Contained in the billion-dollar race to construct AI that controls your computer
The pc-use agent market has attracted intense interest from investors and technology giants over the past yr.
OpenAI released Operator in January, allowing users to instruct an AI to finish tasks across the online. Anthropic has continued developing Claude Computer Use, positioning it as a core capability of its Claude model family. Google has incorporated agent features into its Gemini products. Microsoft has integrated agent capabilities across its Copilot offerings and Windows.
Yet the market stays nascent. Enterprise adoption has been limited by concerns about reliability, security, and the flexibility to handle edge cases that occur incessantly in real-world workflows. The performance gaps revealed by benchmarks like Online-Mind2Web suggest that current systems might not be ready for mission-critical applications.
OpenAGI enters this competitive landscape as an independent alternative, positioning superior benchmark performance and lower costs against the large resources of its well-funded rivals. The corporate's Lux model and developer SDK can be found starting today.
Whether OpenAGI can translate benchmark dominance into real-world reliability stays the central query. The AI industry has an extended history of impressive demos that falter in production, of laboratory results that crumble against the chaos of actual use. Benchmarks measure what they measure, and the space between a controlled test and an 8-hour workday stuffed with edge cases, exceptions, and surprises may be vast.

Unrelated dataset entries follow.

lemma norm_integral_cal_est_bias_le:
  assumes c: "0 < c"
    and part_ign: "\<And>i. i \<in> {1..N} \<Longrightarrow> AE w in M. E i w = 1 \<and> A i w = 1 \<longrightarrow>
      vec_cond_exp M (sigma_ZXEA i) (\<Delta> i) w = vec_cond_exp M (sigma_ZXE i) (\<Delta> i) w"
    and overlap: "\<And>i. i \<in> {1..N} \<Longrightarrow> AE w in M. E i w = 1 \<longrightarrow> c \<le> propensity i w"
    and enr_ign: "\<And>i. i \<in> {1..N} \<Longrightarrow> AE w in M. E i w = 1 \<longrightarrow>
      vec_cond_exp M (sigma_ZE i) (\<Delta> i) w = vec_cond_exp M (sigma_Z i) (\<Delta> i) w"
    and outcome: "\<And>i. i \<in> {1..N} \<Longrightarrow> AE w in M. vec_cond_exp M (sigma_Z i) (\<Delta> i) w = B *v b (Z i w)"
    and p: "\<And>i. i \<in> {1..N} \<Longrightarrow> p i \<in> borel_measurable M"
      "\<And>i. i \<in> {1..N} \<Longrightarrow> AE w in M. E i w = 1 \<longrightarrow> c \<le> p i w \<and> p i w \<le> 1"
    and S: "integrable M (\<lambda>w. (\<Sum>i\<in>{i\<in>{1..N}. A i w = 1}. q i w * norm (\<Delta> i w))\<^sup>2)"
  defines "D w \<equiv> Max (insert 0 ((\<lambda>i. \<bar>p i w - propensity i w\<bar>) ` {i\<in>{1..N}. E i w = 1}))"
  shows "norm ((\<integral>w. cal_est N A q p \<Delta> w \<partial>M) - B *v \<mu>b)
    \<le> (\<integral>w. (\<Sum>i\<in>{i\<in>{1..N}. A i w = 1}. q i w * norm (\<Delta> i w)) * D w \<partial>M) / c\<^sup>2"
proof -
  have D: "AE w in M. 0 \<le> D w \<and> D w \<le> 1 \<and> (\<forall>i\<in>{1..N}. E i w = 1 \<longrightarrow>
      c \<le> p i w \<and> c \<le> propensity i w \<and> \<bar>p i w - propensity i w\<bar> \<le> D w)"
    unfolding D_def using p(2) overlap c by (rule max_deviation_bounds)
  have "integrable M (\<lambda>w. (\<Sum>i\<in>{i\<in>{1..N}. A i w = 1}. q i w * norm (\<Delta> i w)) * D w)"
  proof (rule integrable_mult_bounded)
    show "integrable M (\<lambda>w. \<Sum>i\<in>{i\<in>{1..N}. A i w = 1}. q i w * norm (\<Delta> i w))"
      by (rule square_integrable_imp_integrable[OF borel_measurable_weighted_update_norm S])
    show "D \<in> borel_measurable M"
      unfolding D_def by (rule borel_measurable_max_deviation[OF p(1)])
    show "AE w in M. \<bar>D w\<bar> \<le> 1"
      using D by eventually_elim auto
  qed
  moreover have "AE w in M. \<forall>i\<in>{1..N}. E i w = 1 \<longrightarrow>
      c \<le> p i w \<and> c \<le> propensity i w \<and> \<bar>p i w - propensity i w\<bar> \<le> D w"
    using D by eventually_elim auto
  ultimately show ?thesis
    using norm_integral_cal_est_diff_le[OF c, where p = p and p' = propensity and D = D] p(1)
      integral_cal_est_propensity[OF c part_ign overlap enr_ign outcome]
    by (simp add: pi_part_def)
qed

end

But when Lux performs within the wild the way in which it performs within the lab, the implications extend far beyond one startup's success. It could suggest that the trail to capable AI agents runs not through the most important checkbooks but through the cleverest architectures—that a small team with the appropriate ideas can outmaneuver the giants.
The technology industry has seen that story before. It rarely stays true for long.